As the title says, does being gay make you more able to manipulate the truth (ie. A better lier)? From my experiences growing up in a relatively hostile environment for gays (gotta love a small, backwoods area lol), I had to learn quickly to only let slip the information I wanted and to control myself and the things I did and said. As well as being able to "throw someone off my trail" if I felt they were putting two and two together about me being gay. This has made me really good at misleading people when I saw fit. I was able to give a false air of confidence when the situation called for me to be strong, even if it meant that I was hurting my own emotional health. Like I said, hostile environment for anything not straight as an arrow I've noticed that a lot of tripple A actors with a lot of talent are coming out, and that plays into my theory. Depending on how you look at it, of course. Anyway, feel free to just answer, or share your experiences with what you had/chose to do when your were in the closet. If you were able to hide in plain sight, or if you had to put a lot of effort into your "mask" as I call it. Also, gotta say, you guys are some of the most supportive people I've ever seen.
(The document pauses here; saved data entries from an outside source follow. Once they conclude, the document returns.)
lemma trig_poly_cis: "trig_poly c n (cis t) = (\<Sum>m\<in>freqs n. c m * cis (of_int m * t))"
  by (simp add: trig_poly_def cis_power_int)

lemma continuous_on_trig_poly: "continuous_on (sphere 0 1) (trig_poly c n)"
proof -
  have "continuous_on (sphere 0 1) (\<lambda>z::complex. \<Sum>m\<in>freqs n. c m * z powi m)"
    by (intro continuous_intros) auto
  then show ?thesis by (rule continuous_on_cong[THEN iffD1, rotated 2]) (auto simp: trig_poly_def)
qed

lemma fourier_coeff_trig_poly: "fourier_coeff (trig_poly c n) k = (if k \<in> freqs n then c k else 0)"
proof -
  have "trig_poly c n (cis t) * cis (- (of_int k * t)) = (\<Sum>m\<in>freqs n. c m * cis (of_int (m - k) * t))" for t
    unfolding trig_poly_cis sum_distrib_right
    by (intro sum.cong refl) (simp add: mult.assoc cis_mult algebra_simps)
  moreover have "((\<lambda>t. \<Sum>m\<in>freqs n. c m * cis (of_int (m - k) * t)) has_integral
      (\<Sum>m\<in>freqs n. c m * (if m - k = 0 then of_real (2*pi) else 0))) {0..2*pi}"
    by (intro has_integral_sum finite_freqs has_integral_mult_right has_integral_cis_int)
  moreover have "(\<Sum>m\<in>freqs n. c m * (if m - k = 0 then of_real (2*pi) else 0))
      = (if k \<in> freqs n then c k * of_real (2*pi) else 0)"
    by (simp add: if_distrib sum.delta cong: if_cong)
  ultimately show ?thesis
    unfolding fourier_coeff_def by (simp add: integral_unique)
qed

lemma trig_poly_mem_CS1_low: "trig_poly c n \<in> CS1_low n"
  using continuous_on_trig_poly by (auto simp: CS1_low_def fourier_coeff_trig_poly mem_freqs trig_poly_def)

definition laurent_eval :: "(complex \<times> int) list \<Rightarrow> complex \<Rightarrow> complex" where
  "laurent_eval xs z = (\<Sum>(c, k)\<leftarrow>xs. c * z powi k)"

lemma laurent_eval_Nil [simp]: "laurent_eval [] z = 0"
  by (simp add: laurent_eval_def)

lemma laurent_eval_Cons [simp]: "laurent_eval ((c, k) # xs) z = c * z powi k + laurent_eval xs z"
  by (simp add: laurent_eval_def)

lemma laurent_eval_append: "laurent_eval (xs @ ys) z = laurent_eval xs z + laurent_eval ys z"
  by (simp add: laurent_eval_def)

lemma laurent_eval_scale: "laurent_eval (map (\<lambda>(c, k). (a * c, k)) xs) z = a * laurent_eval xs z"
  by (induction xs) (auto simp: algebra_simps)

lemma laurent_eval_mult:
  assumes "z \<noteq> 0"
  shows "laurent_eval [(c * d, k + l). (c, k) \<leftarrow> xs, (d, l) \<leftarrow> ys] z = laurent_eval xs z * laurent_eval ys z"
proof -
  have "laurent_eval (map (\<lambda>(d, l). (c * d, k + l)) ys) z = c * z powi k * laurent_eval ys z" for c k
    by (induction ys) (auto simp: algebra_simps power_int_add assms)
  then show ?thesis
    by (induction xs) (auto simp: laurent_eval_append distrib_right)
qed

lemma continuous_on_laurent_eval: "continuous_on (sphere 0 1) (laurent_eval xs)"
proof (induction xs)
  case (Cons x xs)
  obtain c k where "x = (c, k)" by force
  moreover have "continuous_on (sphere 0 1) (\<lambda>z::complex. c * z powi k + laurent_eval xs z)"
    by (intro continuous_intros Cons.IH) auto
  ultimately show ?case by simp
qed (simp add: laurent_eval_def)

definition laurent_real :: "(complex \<Rightarrow> real) \<Rightarrow> bool" where
  "laurent_real h \<longleftrightarrow> (\<exists>xs. \<forall>z\<in>sphere 0 1. complex_of_real (h z) = laurent_eval xs z)"

lemma continuous_on_laurent_real:
  assumes "laurent_real h"
  shows "continuous_on (sphere 0 1) h"
proof -
  obtain xs where "\<forall>z\<in>sphere 0 1. complex_of_real (h z) = laurent_eval xs z"
    using assms laurent_real_def by blast
  then have "Re (laurent_eval xs z) = h z" if "z \<in> sphere 0 1" for z
    using that by (metis Re_complex_of_real)
  moreover have "continuous_on (sphere 0 1) (\<lambda>z. Re (laurent_eval xs z))"
    by (intro continuous_intros continuous_on_laurent_eval)
  ultimately show ?thesis by (metis continuous_on_eq)
qed

lemma laurent_real_add_mult:
  assumes "laurent_real h" "laurent_real h'"
  shows "laurent_real (\<lambda>z. h z + h' z)" and "laurent_real (\<lambda>z. h z * h' z)"
proof -
  obtain xs ys where xs: "\<forall>z\<in>sphere 0 1. complex_of_real (h z) = laurent_eval xs z"
    and ys: "\<forall>z\<in>sphere 0 1. complex_of_real (h' z) = laurent_eval ys z"
    using assms unfolding laurent_real_def by blast
  show "laurent_real (\<lambda>z. h z + h' z)"
    unfolding laurent_real_def by (rule exI[of _ "xs @ ys"]) (simp add: laurent_eval_append xs ys)
  show "laurent_real (\<lambda>z. h z * h' z)"
    unfolding laurent_real_def
  proof (rule exI[of _ "[(c * d, k + l). (c, k) \<leftarrow> xs, (d, l) \<leftarrow> ys]"], intro ballI)
    fix z :: complex assume "z \<in> sphere 0 1"
    moreover have "z \<noteq> 0" using \<open>z \<in> sphere 0 1\<close> by auto
    ultimately show "complex_of_real (h z * h' z) = laurent_eval [(c * d, k + l). (c, k) \<leftarrow> xs, (d, l) \<leftarrow> ys] z"
      using xs ys by (simp add: laurent_eval_mult)
  qed
qed

lemma laurent_real_Re_Im: "laurent_real Re" "laurent_real Im"
proof -
  have inverse_cnj: "inverse z = cnj z" if "z \<in> sphere 0 1" for z
    using that by (intro inverse_unique) (simp add: complex_norm_square[symmetric])
  show "laurent_real Re"
    unfolding laurent_real_def
    by (intro exI[of _ "[(1/2, 1), (1/2, -1)]"]) (simp add: power_int_minus inverse_cnj complex_eq_iff)
  show "laurent_real Im"
    unfolding laurent_real_def
    by (intro exI[of _ "[(- \<i>/2, 1), (\<i>/2, -1)]"]) (simp add: power_int_minus inverse_cnj complex_eq_iff)
qed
And that goes beyond the whole "birds of a feather" dynamic. You guys genuinely care for the people on here, which I admire like you would not believe. Thanks for being awesome guys!
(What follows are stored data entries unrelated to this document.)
lemma ones_basis_inv_left:
  assumes n: "n > 0"
  shows "ones_basis_inv n * ones_basis n = (1\<^sub>m n :: 'a::field_char_0 mat)"
proof (rule eq_matI)
  fix i j assume "i < dim_row (1\<^sub>m n :: 'a mat)" and "j < dim_col (1\<^sub>m n :: 'a mat)"
  hence i: "i < n" and j: "j < n" by auto
  let ?U = "ones_basis_inv n :: 'a mat" and ?T = "ones_basis n :: 'a mat"
  have nz: "(of_nat n :: 'a) \<noteq> 0" using n by auto
  have "(?U * ?T) $$ (i, j) = (\<Sum>k<n. ?U $$ (i, k) * ?T $$ (k, j))"
    using i j by (simp add: mat_mult_entry)
  also have "\<dots> = (if i = j then 1 else 0)"
  proof (cases "i = 0"; cases "j = 0")
    assume "i = 0" "j = 0"
    hence "(\<Sum>k<n. ?U $$ (i, k) * ?T $$ (k, j)) = (\<Sum>k<n. 1 / of_nat n)"
      using i j by (intro sum.cong) (auto simp: ones_basis_inv_def ones_basis_def)
    thus ?thesis using nz \<open>i = 0\<close> \<open>j = 0\<close> by simp
  next
    assume "i = 0" "j \<noteq> 0"
    hence "(\<Sum>k<n. ?U $$ (i, k) * ?T $$ (k, j)) =
        (\<Sum>k<n. (if k = j then 1 / of_nat n else 0) - (if k = 0 then 1 / of_nat n else 0))"
      using i j by (intro sum.cong) (auto simp: ones_basis_inv_def ones_basis_def)
    thus ?thesis using \<open>i = 0\<close> \<open>j \<noteq> 0\<close> j n by (simp add: sum_subtractf)
  next
    assume "i \<noteq> 0" "j = 0"
    hence "(\<Sum>k<n. ?U $$ (i, k) * ?T $$ (k, j)) = (\<Sum>k<n. (if i = k then 1 else 0) - 1 / of_nat n)"
      using i j by (intro sum.cong) (auto simp: ones_basis_inv_def ones_basis_def)
    thus ?thesis using nz \<open>i \<noteq> 0\<close> \<open>j = 0\<close> i by (simp add: sum_subtractf)
  next
    assume "i \<noteq> 0" "j \<noteq> 0"
    hence "(\<Sum>k<n. ?U $$ (i, k) * ?T $$ (k, j)) =
        (\<Sum>k<n. (if k = j then (if i = j then 1 else 0) - 1 / of_nat n else 0)
              - (if k = 0 then - 1 / of_nat n else 0))"
      using i j by (intro sum.cong) (auto simp: ones_basis_inv_def ones_basis_def)
    thus ?thesis using \<open>i \<noteq> 0\<close> \<open>j \<noteq> 0\<close> j n by (simp add: sum_subtractf)
  qed
  finally show "(?U * ?T) $$ (i, j) = 1\<^sub>m n $$ (i, j)" using i j by simp
qed (auto simp: ones_basis_inv_def ones_basis_def)

lemma ones_basis_inv_right:
  "n > 0 \<Longrightarrow> ones_basis n * ones_basis_inv n = (1\<^sub>m n :: 'a::field_char_0 mat)"
  by (rule mat_mult_left_right_inverse[OF _ _ ones_basis_inv_left]) auto

lemma conj_carrier [simp]:
  "A \<in> carrier_mat n n \<Longrightarrow> ones_basis_inv n * A * ones_basis n \<in> carrier_mat n n"
  by (intro mult_carrier_mat[of _ n n _ n]) auto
People just generally don't care about what I do because I make it seem like I'm a very boring person and it works! I probably am very boring to them because I don't like they "cool stuff" they do but that's beside the point. It doesn't make me a better lier, it makes better at not mentioning things...
Interesting idea. You've made me think. In friendships I value honesty very highly. But I've lied or deliberately misguided my parents about my relationships, and I think I'm quite good at it. It's quite scary how easily some lies spring to my lips, without even having to think about it. Like you're so used to hiding something it just comes naturally. So yeah, I think I'm a pretty decent liar, actually.
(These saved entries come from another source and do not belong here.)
lemma distr_eq_bind_if_measure_eq:
  assumes "prob_space M" and f: "f \<in> M \<rightarrow>\<^sub>M E" and \<kappa>: "\<kappa> \<in> M \<rightarrow>\<^sub>M prob_algebra E"
    and law: "\<And>A. A \<in> sets E \<Longrightarrow> measure M (f -` A \<inter> space M) = (\<integral>\<omega>. measure (\<kappa> \<omega>) A \<partial>M)"
  shows "distr M E f = M \<bind> \<kappa>"
proof (rule measure_eqI)
  interpret prob_space M by fact
  have \<kappa>_prob: "prob_space (\<kappa> \<omega>)" "sets (\<kappa> \<omega>) = sets E" if "\<omega> \<in> space M" for \<omega>
    using measurable_space[OF \<kappa> that] by (auto simp: space_prob_algebra)
  have \<kappa>_sub: "\<kappa> \<in> M \<rightarrow>\<^sub>M subprob_algebra E"
    using \<kappa> by (rule measurable_prob_algebraD)
  show "sets (distr M E f) = sets (M \<bind> \<kappa>)"
    using \<kappa>_prob not_empty by (subst sets_bind) auto
  fix A assume "A \<in> sets (distr M E f)"
  then have A: "A \<in> sets E" by simp
  have "integrable M (\<lambda>\<omega>. measure (\<kappa> \<omega>) A)"
    by (rule integrable_const_bound[where B=1])
      (use \<kappa>_prob A \<kappa> in \<open>auto intro: prob_space.prob_le_1\<close>)
  then have "ennreal (\<integral>\<omega>. measure (\<kappa> \<omega>) A \<partial>M) = (\<integral>\<^sup>+\<omega>. ennreal (measure (\<kappa> \<omega>) A) \<partial>M)"
    by (rule nn_integral_eq_integral[symmetric]) simp
  also have "\<dots> = (\<integral>\<^sup>+\<omega>. emeasure (\<kappa> \<omega>) A \<partial>M)"
    using \<kappa>_prob by (intro nn_integral_cong) (simp add: prob_space_def finite_measure.emeasure_eq_measure)
  finally show "emeasure (distr M E f) A = emeasure (M \<bind> \<kappa>) A"
    using f A law[OF A] \<kappa>_sub
    by (simp add: emeasure_distr emeasure_eq_measure emeasure_bind[OF not_empty])
qed

locale noisy_contraction_iteration = prob_space M
  for M :: "'w measure" +
  fixes Q :: "'x::real_normed_vector \<Rightarrow> 'x"
    and P :: "'e \<Rightarrow> 'x \<Rightarrow> 'x"
    and E :: "'e measure"
    and K :: "'x \<Rightarrow> 'e measure"
    and e :: "nat \<Rightarrow> 'w \<Rightarrow> 'e"
    and \<rho> L \<sigma> Mb :: real
    and \<theta>0 \<theta>s :: 'x
  assumes rho_nonneg: "0 \<le> \<rho>"
    and Q_contr: "\<And>x y. norm (Q x - Q y) \<le> \<rho> * norm (x - y)"
    and Q_fixed: "Q \<theta>s = \<theta>s"
    and L_nonneg: "0 \<le> L"
    and P_lip: "\<And>a x y. norm (P a x - P a y) \<le> L * norm (x - y)"
    and P_meas: "(\<lambda>(a, x). P a x) \<in> E \<Otimes>\<^sub>M borel \<rightarrow>\<^sub>M borel"
    and K_kernel: "K \<in> borel \<rightarrow>\<^sub>M prob_algebra E"
    and e_meas: "\<And>t. e t \<in> M \<rightarrow>\<^sub>M E"
    and e_law: "\<And>t A. A \<in> sets E \<Longrightarrow>
      measure M (e t -` A \<inter> space M) = (\<integral>\<omega>. measure (K (traj Q P \<theta>0 e t \<omega>)) A \<partial>M)"
    and W_mean: "\<And>\<theta>. (\<integral>a. norm (P a \<theta>s - \<theta>s) \<partial>K \<theta>) \<le> \<sigma>"
    and W_sup: "\<And>\<theta>. esssup (K \<theta>) (\<lambda>a. ereal (norm (P a \<theta>s - \<theta>s))) \<le> ereal Mb"
begin

abbreviation \<theta> :: "nat \<Rightarrow> 'w \<Rightarrow> 'x" where "\<theta> \<equiv> traj Q P \<theta>0 e"
lemma schur_sym:
  fixes L M :: "'a::finite \<Rightarrow> 'a \<Rightarrow> real"
  assumes Lsym: "\<And>i j. L i j = L j i" and inv: "is_block_inverse L S M"
  shows "schur L S M i j = schur L S M j i"
proof -
  have "(\<Sum>k\<in>S. \<Sum>l\<in>S. L j k * M k l * L l i) = (\<Sum>l\<in>S. \<Sum>k\<in>S. L j k * M k l * L l i)"
    by (rule sum.swap)
  also have "\<dots> = (\<Sum>k\<in>S. \<Sum>l\<in>S. L i k * M k l * L l j)"
    by (intro sum.cong refl)
       (simp add: block_inverse_sym[OF Lsym inv] Lsym[of j] Lsym[of _ i])
  finally show ?thesis
    unfolding schur_def using Lsym[of i j] by simp
qed

lemma in_calL_gscale:
  assumes gpos: "\<And>i. i \<in> T \<Longrightarrow> 0 < g i"
    and Asym: "\<And>i j. A i j = A j i"
    and nonneg: "\<And>z. 0 \<le> quad_form T A z"
    and bound: "\<And>z. quad_form T A z \<le> (\<Sum>i\<in>T. g i * z i ^ 2)"
  shows "in_calL T (gscale g A)"
proof -
  have scaled: "(\<Sum>i\<in>T. \<Sum>j\<in>T. x i * gscale g A i j * x j)
      = quad_form T A (\<lambda>i. x i / sqrt (g i))" for x
    by (simp add: gscale_def quad_form_def algebra_simps)
  have "(\<Sum>i\<in>T. g i * (x i / sqrt (g i)) ^ 2) = (\<Sum>i\<in>T. x i ^ 2)" for x
  proof (intro sum.cong refl)
    fix i assume "i \<in> T"
    then have "0 < g i" by (rule gpos)
    then show "g i * (x i / sqrt (g i)) ^ 2 = x i ^ 2"
      by (simp add: power_divide)
  qed
  then show ?thesis
    unfolding in_calL_def scaled
    using nonneg bound[of "\<lambda>i. _ i / sqrt (g i)"] by (simp add: gscale_def Asym)
qed

lemma schur_in_calL:
  fixes L M :: "'a::finite \<Rightarrow> 'a \<Rightarrow> real"
  assumes Lsym: "\<And>i j. L i j = L j i"
    and Lpsd: "\<And>w. 0 \<le> quad_form UNIV L w"
    and Lbound: "\<And>w. quad_form UNIV L w \<le> (\<Sum>i\<in>UNIV. g i * w i ^ 2)"
    and gpos: "\<And>i. 0 < g i"
    and inv: "is_block_inverse L S M"
  shows "in_calL (-S) (gscale g (schur L S M))"
proof (rule in_calL_gscale)
  fix z
  show "0 \<le> quad_form (-S) (schur L S M) z"
    using quad_form_schur(2)[OF Lsym inv] Lpsd by simp
  have "quad_form (-S) (schur L S M) z \<le> quad_form (-S) L z"
    using quad_form_schur(1)[OF Lsym inv, of z] Lpsd
    by (simp add: quad_form_extend_zero[of S])
  also have "\<dots> \<le> (\<Sum>i\<in>-S. g i * z i ^ 2)"
    by (rule quad_form_le_restrict[OF Lbound])
  finally show "quad_form (-S) (schur L S M) z \<le> (\<Sum>i\<in>-S. g i * z i ^ 2)" .
qed (use gpos schur_sym[OF Lsym inv] in auto)

definition line_weight :: "('n \<Rightarrow> 'n \<Rightarrow> real) \<Rightarrow> ('n \<Rightarrow> real) \<Rightarrow> ('n \<Rightarrow> real) \<Rightarrow> 'n \<Rightarrow> 'n \<Rightarrow> real" where
  "line_weight b V \<theta> i l = V i * V l * b i l * cos (\<theta> i - \<theta> l)"

lemma power_inj_has_derivative:
  fixes b :: "'n::finite \<Rightarrow> 'n \<Rightarrow> real"
  shows "((\<lambda>t. power_inj b V (\<theta>(j := t)) i) has_real_derivative laplacian (line_weight b V \<theta>) i j)
    (at (\<theta> j))"
proof -
  define d where "d k = (if k = j then 1 else (0::real))" for k
  define e where "e k = (if k = j then 0 else \<theta> k)" for k
  have upd: "(\<theta>(j := t)) k = d k * t + e k" for t k
    by (simp add: d_def e_def)
  have at_\<theta>: "d k * \<theta> j + e k = \<theta> k" for k
    by (simp add: d_def e_def)
  have "((\<lambda>t. \<Sum>l\<in>UNIV. V i * V l * b i l * sin ((d i * t + e i) - (d l * t + e l)))
      has_real_derivative (\<Sum>l\<in>UNIV. V i * V l * b i l
        * (cos ((d i * \<theta> j + e i) - (d l * \<theta> j + e l)) * (d i - d l)))) (at (\<theta> j))"
    by (auto intro!: derivative_eq_intros simp: algebra_simps)
  moreover have "(\<Sum>l\<in>UNIV. line_weight b V \<theta> i l * (d i - d l)) = laplacian (line_weight b V \<theta>) i j"
  proof -
    have "(\<Sum>l\<in>UNIV. line_weight b V \<theta> i l * (d i - d l))
        = (\<Sum>l\<in>UNIV. (if i = j then line_weight b V \<theta> i l else 0)
            - (if l = j then line_weight b V \<theta> i l else 0))"
      by (intro sum.cong refl) (simp add: d_def)
    then show ?thesis
      by (simp add: laplacian_def sum_subtractf)
  qed
  ultimately show ?thesis
    unfolding power_inj_def upd at_\<theta> by (simp add: line_weight_def mult.assoc)
qed

lemma LB_eq_laplacian: "LB b V0 \<theta>0 = laplacian (line_weight b V0 \<theta>0)"
  unfolding LB_def by (intro ext DERIV_imp_deriv power_inj_has_derivative)

lemma line_weight_sym:
  assumes "\<And>i l. b i l = b l i"
  shows "line_weight b V \<theta> i l = line_weight b V \<theta> l i"
  using assms cos_minus[of "\<theta> l - \<theta> i"] by (simp add: line_weight_def)

lemma line_weight_bounds:
  assumes b_nonneg: "\<And>i l. 0 \<le> b i l" and A: "assumptionA b Vmax V0 \<theta>0"
  shows "0 \<le> line_weight b V0 \<theta>0 i l" and "line_weight b V0 \<theta>0 i l \<le> Vmax i * Vmax l * b i l"
proof -
  have V0: "0 < V0 k" "V0 k \<le> Vmax k" for k
    using A by (auto simp: assumptionA_def)
  have cos_nonneg: "0 \<le> b i l * cos (\<theta>0 i - \<theta>0 l)"
  proof (cases "b i l = 0")
    case False
    with b_nonneg[of i l] have "0 < b i l" by simp
    with A have "\<bar>\<theta>0 i - \<theta>0 l\<bar> < pi / 2" by (simp add: assumptionA_def)
    then have "0 < cos (\<theta>0 i - \<theta>0 l)" by (intro cos_gt_zero_pi) linarith+
    with \<open>0 < b i l\<close> show ?thesis by simp
  qed simp
  moreover have "0 \<le> V0 i * V0 l"
    using V0(1)[of i] V0(1)[of l] by simp
  ultimately show "0 \<le> line_weight b V0 \<theta>0 i l"
    unfolding line_weight_def by (metis mult.assoc mult_nonneg_nonneg)
  have "line_weight b V0 \<theta>0 i l \<le> V0 i * V0 l * b i l"
    using V0[of i] V0[of l] b_nonneg[of i l]
    by (simp add: line_weight_def mult_left_le)
  also have "\<dots> \<le> Vmax i * Vmax l * b i l"
    using V0[of i] V0[of l] b_nonneg[of i l] by (intro mult_right_mono mult_mono) auto
  finally show "line_weight b V0 \<theta>0 i l \<le> Vmax i * Vmax l * b i l" .
qed

lemma quad_form_LB_le_gam:
  fixes b :: "'n::finite \<Rightarrow> 'n \<Rightarrow> real"
  assumes b_sym: "\<And>i l. b i l = b l i" and b_nonneg: "\<And>i l. 0 \<le> b i l"
    and A: "assumptionA b Vmax V0 \<theta>0"
  shows "quad_form UNIV (LB b V0 \<theta>0) w \<le> (\<Sum>i\<in>UNIV. gam b Vmax i * w i ^ 2)"
proof -
  have "quad_form UNIV (LB b V0 \<theta>0) w
      \<le> (\<Sum>i\<in>UNIV. 2 * (\<Sum>l\<in>UNIV. line_weight b V0 \<theta>0 i l) * w i ^ 2)"
    unfolding LB_eq_laplacian
    by (intro quad_form_laplacian_le line_weight_sym[OF b_sym] line_weight_bounds(1)[OF b_nonneg A])
  also have "\<dots> \<le> (\<Sum>i\<in>UNIV. gam b Vmax i * w i ^ 2)"
    unfolding gam_def
    by (intro sum_mono mult_right_mono mult_left_mono line_weight_bounds(2)[OF b_nonneg A]) auto
  finally show ?thesis .
qed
I have often thought about this. I suppose it does make you a better liar, but at the same time we all know how much it can hurt to keep that lie going. So for me personally, once I came out, I didn't want to lie about anything anymore. Haha, I guess I gave up the lying habit. So it made me a better liar, but then an honest person!
It's an interesting idea and there might be some truth to it. I would imagine the longer you stay in the closet the more elaborate the lies need to be.
I've just always been pretty good at telling lies, even before I realized I was gay. I don't think that's made me a better or worse one though.
I think some people are good lyer and others are not. I think being gay may give you more practice, but I know I'm hella gay and a terrible lyer.
I haven't met a person yet, who ISN'T a liar. Actors are just PAID professional liars. "Gay", "straight", or anything else has no bearing on being a competent liar. Used to be telling a lie was just as bad as doing something very wrong and you would get punishment for it. Nowadays, lying is "normal" and telling the truth is the bad thing that gets you in trouble.
I don't think it neccessarily has anything to do with being gay, but with practice. The more you lie the better you'll get at it. If being gay has put you in a situation where you're frequently forced to lie, you will probably get pretty good at it.
I don't know that is even lying. Sometimes omitting the truth isn't a ly if it's none of their business. I think being private is way different then lying.